3.2 Données des questionnaires de l’EMH

3.2.2 Facteurs liés à la variation des taux d’homicides selon le modèle dynamique de l’EMH

Dans cette section, les résultats concernant les facteurs susceptibles d’influencer les taux de criminalité seront rapportés. Nous aborderons d’abord les conditions sociales adverses. Ensuite, les facteurs facilitant la survenue de la violence seront présentés. Finalement, le fonctionnement du contrôle social formel sera détaillé. Il importe de souligner que la majorité de ces résultats sont basés sur des opinions recueillies auprès d’informateurs clés (Ouimet et Montmagny-Grenier, 2014).

3.2.2.1 Conditions sociales adverses

Tout d’abord, Haïti présenterait certaines conditions sociales adverses propices à un taux de criminalité élevé. Dans les pays d’Amérique ayant des taux d’homicides plus faibles, comme le Canada et les États-Unis, l’âge médian de la population était plus élevé (respectivement 41.7 et 37.6 années). À titre comparatif, l’âge médian en Haïti était de 22.2, celui du Mexique de 27.3 et celui de la République Dominicaine de 27.1. Le seul pays présentant une population plus jeune que celle d’Haïti était le Honduras, dont l’âge médian était de 21.9. D’après les données colligées, les pays des Caraïbes et d’Amérique Latine présenteraient une structure démographique plus jeune que celle des nations nord-américaines.

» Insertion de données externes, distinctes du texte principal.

lemma Cinfinite_suc_singleton:
  assumes "Card_order \<kappa>" "Cinfinite \<kappa>" "\<alpha> \<in> Field \<kappa>"
  shows "wo_rel.suc \<kappa> {\<alpha>} \<in> Field \<kappa>" "\<alpha> \<in> underS \<kappa> (wo_rel.suc \<kappa> {\<alpha>})"
proof -
  have wo: "wo_rel \<kappa>" using assms(1) by (rule Card_order_wo_rel)
  obtain y where "y \<in> Field \<kappa>" "\<alpha> \<noteq> y" "(\<alpha>, y) \<in> \<kappa>"
    using Cinfinite_limit[OF assms(3,2)] by blast
  then have above: "AboveS \<kappa> {\<alpha>} \<noteq> {}" unfolding AboveS_def by blast
  have "{\<alpha>} \<subseteq> Field \<kappa>" using assms(3) by blast
  then show "wo_rel.suc \<kappa> {\<alpha>} \<in> Field \<kappa>" "\<alpha> \<in> underS \<kappa> (wo_rel.suc \<kappa> {\<alpha>})"
    using wo_rel.suc_inField[OF wo _ above] wo_rel.suc_greater[OF wo _ above] underS_I
    by (metis singletonI)+
qed

lemma Union_interiors_strongly_increasing:
  assumes "Card_order \<kappa>" "Cinfinite \<kappa>" "strongly_increasing X \<kappa> F"
  shows "(\<Union>\<alpha> \<in> Field \<kappa>. X interior_of F \<alpha>) = (\<Union>\<alpha> \<in> Field \<kappa>. F \<alpha>)"
proof
  show "(\<Union>\<alpha> \<in> Field \<kappa>. F \<alpha>) \<subseteq> (\<Union>\<alpha> \<in> Field \<kappa>. X interior_of F \<alpha>)"
    using assms(3) Cinfinite_suc_singleton(1)[OF assms(1,2)]
    unfolding strongly_increasing_def by blast
  show "(\<Union>\<alpha> \<in> Field \<kappa>. X interior_of F \<alpha>) \<subseteq> (\<Union>\<alpha> \<in> Field \<kappa>. F \<alpha>)"
    by (rule UN_mono) (simp_all add: interior_of_subset)
qed

lemma openin_Union_strongly_increasing:
  assumes "Card_order \<kappa>" "Cinfinite \<kappa>" "strongly_increasing X \<kappa> F"
  shows "openin X (\<Union>\<alpha> \<in> Field \<kappa>. F \<alpha>)"
proof -
  have "openin X (\<Union>\<alpha> \<in> Field \<kappa>. X interior_of F \<alpha>)" by auto
  then show ?thesis by (simp only: Union_interiors_strongly_increasing[OF assms])
qed

definition interior_chain :: "'a topology \<Rightarrow> 'k rel \<Rightarrow> ('k \<Rightarrow> 'a set) \<Rightarrow> bool" where
  "interior_chain X \<kappa> F \<longleftrightarrow>
     (\<forall>\<alpha> \<beta>. \<beta> \<in> underS \<kappa> \<alpha> \<longrightarrow> F \<beta> \<subseteq> X interior_of F \<alpha> \<and> \<not> F \<alpha> \<subseteq> F \<beta>)"

lemma interior_chainD:
  assumes "interior_chain X \<kappa> F" "\<beta> \<in> underS \<kappa> \<alpha>"
  shows "F \<beta> \<subseteq> X interior_of F \<alpha>" "\<not> F \<alpha> \<subseteq> F \<beta>"
  using assms unfolding interior_chain_def by meson+

lemma interior_chain_strongly_increasing:
  assumes "Card_order \<kappa>" "Cinfinite \<kappa>" "interior_chain X \<kappa> F"
  shows "strongly_increasing X \<kappa> F"
  using interior_chainD(1)[OF assms(3) Cinfinite_suc_singleton(2)[OF assms(1,2)]]
  unfolding strongly_increasing_def by blast

lemma interior_chain_mono:
  assumes "interior_chain X \<kappa> F" "(\<beta>, \<alpha>) \<in> \<kappa>"
  shows "F \<beta> \<subseteq> F \<alpha>"
proof (cases "\<beta> = \<alpha>")
  case False
  then have "\<beta> \<in> underS \<kappa> \<alpha>" using assms(2) by (simp add: underS_I)
  then have "F \<beta> \<subseteq> X interior_of F \<alpha>" by (rule interior_chainD(1)[OF assms(1)])
  then show ?thesis by (meson interior_of_subset order_trans)
qed simp

lemma not_covers_bounded_by_Union_interior_chain:
  fixes X :: "'a topology" and \<kappa> :: "'k rel" and F :: "'k \<Rightarrow> 'a set" and S :: "'b set"
  assumes "Card_order \<kappa>" "Cinfinite \<kappa>" "regularCard \<kappa>" "interior_chain X \<kappa> F" "|S| <o \<kappa>"
  shows "\<not> covers_bounded_by X (\<Union>\<alpha> \<in> Field \<kappa>. F \<alpha>) S"
proof
  let ?U = "\<Union>\<alpha> \<in> Field \<kappa>. F \<alpha>"
  let ?C = "(\<lambda>\<alpha>. X interior_of F \<alpha>) ` Field \<kappa>"
  assume "covers_bounded_by X ?U S"
  then have subcover: "\<exists>\<D> \<subseteq> \<C>. \<D> \<lesssim> S \<and> ?U \<subseteq> \<Union>\<D>"
    if "\<forall>C \<in> \<C>. openin X C" "?U \<subseteq> \<Union>\<C>" for \<C>
    using that unfolding covers_bounded_by_def by blast
  have cover: "?U \<subseteq> \<Union>?C"
    using Union_interiors_strongly_increasing[OF assms(1,2) interior_chain_strongly_increasing[OF assms(1,2,4)]]
    by simp
  have "\<forall>C \<in> ?C. openin X C" by auto
  then obtain \<D> where \<D>: "\<D> \<subseteq> ?C" "\<D> \<lesssim> S" "?U \<subseteq> \<Union>\<D>"
    using subcover[OF _ cover] by blast
  then obtain I where I: "I \<subseteq> Field \<kappa>" "inj_on (\<lambda>\<alpha>. X interior_of F \<alpha>) I"
    "\<D> = (\<lambda>\<alpha>. X interior_of F \<alpha>) ` I"
    unfolding subset_image_inj by blast
  have "|I| \<le>o |\<D>|" unfolding card_of_ordLeq[symmetric] using I(2,3) by blast
  also have "|\<D>| \<le>o |S|" using \<D>(2) unfolding lepoll_iff_card_of_ordLeq .
  finally have "|I| \<le>o |S|" .
  then have "|I| <o \<kappa>" using assms(5) by (rule ordLeq_ordLess_trans)
  then have "\<not> cofinal I \<kappa>"
    using assms(3) I(1) not_ordLess_ordIso unfolding regularCard_def by metis
  then obtain a where a: "a \<in> Field \<kappa>" "\<forall>b\<in>I. \<not> (a \<noteq> b \<and> (a, b) \<in> \<kappa>)"
    unfolding cofinal_def by blast
  have "X interior_of F b \<subseteq> F a" if "b \<in> I" for b
  proof -
    have "(b, a) \<in> \<kappa>"
      using wo_rel.TOTALS[OF Card_order_wo_rel[OF assms(1)]] a that I(1) by (metis subsetD)
    then show ?thesis by (meson interior_chain_mono[OF assms(4)] interior_of_subset order_trans)
  qed
  then have "?U \<subseteq> F a" using \<D>(3) unfolding I(3) by (meson UN_least order_trans)
  obtain s where "s \<in> Field \<kappa>" "a \<in> underS \<kappa> s"
    using Cinfinite_suc_singleton[OF assms(1,2) a(1)] by blast
  have "F s \<subseteq> F a" using UN_upper[OF \<open>s \<in> Field \<kappa>\<close>] \<open>?U \<subseteq> F a\<close> by (rule order_trans)
  with interior_chainD(2)[OF assms(4) \<open>a \<in> underS \<kappa> s\<close>] show False by contradiction
qed

lemma lindelof_number_ge_Union_interior_chain:
  assumes "Card_order \<kappa>" "Cinfinite \<kappa>" "regularCard \<kappa>" "interior_chain X \<kappa> F"
  shows "lindelof_number_ge X (\<Union>\<alpha> \<in> Field \<kappa>. F \<alpha>) \<kappa>"
  using not_covers_bounded_by_Union_interior_chain[OF assms] unfolding lindelof_number_ge_def by blast

lemma some_point_outside_small_set:
  assumes "\<not> |topspace X| \<le>o |M|" "|B| \<le>o |M|"
  shows "(SOME p. p \<in> topspace X - B) \<in> topspace X - B"
proof -
  have "\<not> topspace X \<subseteq> B"
  proof
    assume "topspace X \<subseteq> B"
    then have "|topspace X| \<le>o |M|" by (rule ordLeq_transitive[OF card_of_mono1 assms(2)])
    with assms(1) show False by contradiction
  qed
  then obtain p where "p \<in> topspace X - B" unfolding subset_iff by blast
  then show ?thesis by (rule someI)
qed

L’inégalité est une seconde condition sociale adverse liée au taux de criminalité. Dans le cadre de cette étude, cette variable était mesurée à l’aide du coefficient Gini. Les inégalités étaient particulièrement prononcées dans les pays sud-américains et caribéens. À titre d’exemple, les coefficients Gini les plus élevés étaient ceux d’Haïti (59.2), du Honduras (57.4) et des Bahamas (52.0). Dans ces pays, une minorité de la population possédait la majorité de la richesse du pays. Les autres nations de la région étaient considérées comme étant un peu plus égalitaires, malgré les coefficients élevés. Alors que le coefficient Gini du Mexique était de 48,1, celui de Cuba était à 38.0. D’après les données officielles pour cette région, le Canada était la nation la plus égalitaire, avec un coefficient de 33.7.

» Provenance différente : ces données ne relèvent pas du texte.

lemma R12_R13_R_sigma:
  assumes "right_comodule \<Delta> \<epsilon> \<rho>"
  shows "lin (R12 (R_sigma \<rho> \<sigma>)) (R13 (R_sigma \<rho> \<sigma>) (m, n, p)) =
    lin (\<lambda>(x, c). lin (\<lambda>(a, b). lin (\<lambda>(z, e). lin (\<lambda>(y, d).
      smul (\<sigma> b e * \<sigma> a d) (bv (x, y, z))) (\<rho> n)) (\<rho> p)) (\<Delta> c)) (\<rho> m)"
proof -
  have "lin (R12 (R_sigma \<rho> \<sigma>)) (R13 (R_sigma \<rho> \<sigma>) (m, n, p)) =
    lin (\<lambda>(x, c). lin (\<lambda>(z, e). lin (\<lambda>(x', a). lin (\<lambda>(y, d).
      smul (\<sigma> c e * \<sigma> a d) (bv (x', y, z))) (\<rho> n)) (\<rho> x)) (\<rho> p)) (\<rho> m)"
    by (simp add: R12_R_sigma R13_R_sigma lin_lin lin_smul lin_fun_smul[symmetric] case_prod_beta')
  also have "\<dots> = lin (\<lambda>(x, c). lin (\<lambda>(x', a). lin (\<lambda>(z, e). lin (\<lambda>(y, d).
      smul (\<sigma> c e * \<sigma> a d) (bv (x', y, z))) (\<rho> n)) (\<rho> p)) (\<rho> x)) (\<rho> m)"
    unfolding case_prod_beta' by (subst lin_swap) rule
  also have "\<dots> = lin (\<lambda>(x, c). lin (\<lambda>(a, b). lin (\<lambda>(z, e). lin (\<lambda>(y, d).
      smul (\<sigma> b e * \<sigma> a d) (bv (x, y, z))) (\<rho> n)) (\<rho> p)) (\<Delta> c)) (\<rho> m)"
    by (rule right_comodule_coassoc[OF assms])
  finally show ?thesis .
qed

lemma R13_R12_R_sigma:
  assumes "right_comodule \<Delta> \<epsilon> \<rho>"
  shows "lin (R13 (R_sigma \<rho> \<sigma>)) (R12 (R_sigma \<rho> \<sigma>) (m, n, p)) =
    lin (\<lambda>(x, c). lin (\<lambda>(a, b). lin (\<lambda>(z, e). lin (\<lambda>(y, d).
      smul (\<sigma> b d * \<sigma> a e) (bv (x, y, z))) (\<rho> n)) (\<rho> p)) (\<Delta> c)) (\<rho> m)"
proof -
  have "lin (R13 (R_sigma \<rho> \<sigma>)) (R12 (R_sigma \<rho> \<sigma>) (m, n, p)) =
    lin (\<lambda>(x, c). lin (\<lambda>(y, d). lin (\<lambda>(x', a). lin (\<lambda>(z, e).
      smul (\<sigma> c d * \<sigma> a e) (bv (x', y, z))) (\<rho> p)) (\<rho> x)) (\<rho> n)) (\<rho> m)"
    by (simp add: R12_R_sigma R13_R_sigma lin_lin lin_smul lin_fun_smul[symmetric] case_prod_beta')
  also have "\<dots> = lin (\<lambda>(x, c). lin (\<lambda>(x', a). lin (\<lambda>(y, d). lin (\<lambda>(z, e).
      smul (\<sigma> c d * \<sigma> a e) (bv (x', y, z))) (\<rho> p)) (\<rho> n)) (\<rho> x)) (\<rho> m)"
    unfolding case_prod_beta' by (subst lin_swap) rule
  also have "\<dots> = lin (\<lambda>(x, c). lin (\<lambda>(a, b). lin (\<lambda>(y, d). lin (\<lambda>(z, e).
      smul (\<sigma> b d * \<sigma> a e) (bv (x, y, z))) (\<rho> p)) (\<rho> n)) (\<Delta> c)) (\<rho> m)"
    by (rule right_comodule_coassoc[OF assms])
  also have "\<dots> = lin (\<lambda>(x, c). lin (\<lambda>(a, b). lin (\<lambda>(z, e). lin (\<lambda>(y, d).
      smul (\<sigma> b d * \<sigma> a e) (bv (x, y, z))) (\<rho> n)) (\<rho> p)) (\<Delta> c)) (\<rho> m)"
    unfolding case_prod_beta' by (subst (2) lin_swap) rule
  finally show ?thesis .
qed

lemma R12_R13_R_sigma_commute:
  assumes "right_comodule \<Delta> \<epsilon> \<rho>" and "strong_D_map \<Delta> \<sigma>"
  shows "lin (R12 (R_sigma \<rho> \<sigma>)) (R13 (R_sigma \<rho> \<sigma>) (m, n, p)) =
         lin (R13 (R_sigma \<rho> \<sigma>)) (R12 (R_sigma \<rho> \<sigma>) (m, n, p))"
proof -
  have D_swap: "lin (\<lambda>(a, b). lin (\<lambda>(z, e). lin (\<lambda>(y, d).
      smul (\<sigma> b e * \<sigma> a d) (bv (x, y, z))) (\<rho> n)) (\<rho> p)) (\<Delta> c) =
    lin (\<lambda>(a, b). lin (\<lambda>(z, e). lin (\<lambda>(y, d).
      smul (\<sigma> b d * \<sigma> a e) (bv (x, y, z))) (\<rho> n)) (\<rho> p)) (\<Delta> c)" for x c
    using strong_D_map_swap_sum[OF assms(2), where g = snd and w = "\<rho> p"
        and F = "\<lambda>b z. lin (\<lambda>(y, d). smul (\<sigma> b d) (bv (x, y, fst z))) (\<rho> n)"]
    by (simp add: lin_fun_smul[symmetric] case_prod_beta' mult.commute)
  show ?thesis
    unfolding R12_R13_R_sigma[OF assms(1)] R13_R12_R_sigma[OF assms(1)] D_swap ..
qed
(* Let $A(z)=\sum_{n\ge0}a_nz^n$ be the generating function of Dyck arches ending with a catastrophe. Then for $n\ge2$, $a_n=\binom{n-2}{\lfloor\frac{n-3}{2}\rfloor}$ (and $a_0=a_1=0$), and \[A(z)=z\,\frac{M(z)-E(z)-M_1(z)}{E(z)}=\frac12\,\frac{2z^2+z-1+\sqrt{(1-2z)(1+2z)(1-z)^2}}{1-2z}=z^3+z^4+3z^5+4z^6+10z^7+15z^8+35z^9+O(z^{10}),\] where $M(z)$, $E(z)$, $M_1(z)$ are the generating functions (by length) of classical Dyck meanders, Dyck excursions, and Dyck meanders ending at altitude $1$, respectively.
   Context: Classical Dyck paths use steps $+1$ and $-1$ (each of weight $1$) and never go below altitude $0$, starting at $0$; a Dyck meander may end anywhere, a Dyck excursion ends at $0$. A Dyck path with catastrophes additionally allows catastrophes: steps from an altitude $h>1$ directly to altitude $0$ (weight $1$). A Dyck arch ending with a catastrophe is a Dyck path with catastrophes starting at altitude $0$ whose last step is a catastrophe and which does not visit altitude $0$ between its start and its end. *)

theory Defs
  imports Complex_Main "HOL-Computational_Algebra.Formal_Power_Series"
begin

text \<open>Steps: U = +1, D = -1, C = catastrophe (jump from altitude h > 1 to 0); each of weight 1.\<close>
datatype step = U | D | C

fun valid_from :: "nat \<Rightarrow> step list \<Rightarrow> bool" where
  "valid_from h [] = True"
| "valid_from h (U # s) = valid_from (h + 1) s"
| "valid_from h (D # s) = (1 \<le> h \<and> valid_from (h - 1) s)"
| "valid_from h (C # s) = (1 < h \<and> valid_from 0 s)"

text \<open>Altitudes reached after each step (the i-th entry is the altitude after step i+1).\<close>
fun alts :: "nat \<Rightarrow> step list \<Rightarrow> nat list" where
  "alts h [] = []"
| "alts h (U # s) = (h + 1) # alts (h + 1) s"
| "alts h (D # s) = (h - 1) # alts (h - 1) s"
| "alts h (C # s) = 0 # alts 0 s"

En lien avec les inégalités, la pauvreté est un autre facteur associé à une forte criminalité à travers le monde (Pridemore, 2011). Lorsque le taux de mortalité infantile est employé comme mesure de la pauvreté, Haïti figure au premier rang, avec un taux de 57.0 par 1 000 enfants. Dans la même région, plusieurs autres pays comme la Jamaïque, les Bahamas, le Mexique et le Salvador avaient tous un taux de 14.0 par 1 000 habitants. Ce taux était encore plus faible au Canada et aux États-Unis (respectivement 5.0 et 6.0 par 1 000 enfants). De plus, les résultats des questionnaires de l’EMH révélaient qu’en Haïti, 68% des habitants vivraient sous le seuil de la pauvreté. Au Mexique, au Honduras et au Salvador, cette proportion serait de 52%. Dans les autres pays des Caraïbes, le pourcentage estimé de personne vivant dans la pauvreté variait entre 20 et 27%.

Selon les répondants, seulement 30% de la population dominicaine vivait en situation de pauvreté. Il est tout de même intéressant de noter que les répondants d’Haïti, de Jamaïque et de République Dominicaine considéraient que la pauvreté était un problème qui nuisait fortement à la qualité de vie de la population (M = 4.7). Au Canada, la moyenne était la plus basse (M = 3.1).

Lorsque l’ensemble des conditions sociales adverses sont prises en compte, pour Haïti, le score factoriel des conditions sociales adverses était le plus élevé, soit de 1.8. Le score de son voisin immédiat était de 0.4 et se situait près de la moyenne mondiale. Le Canada et les États-Unis étaient les pays étant les moins touchés par les conditions sociales adverses, avec des scores de -1.1 et -0.7, respectivement.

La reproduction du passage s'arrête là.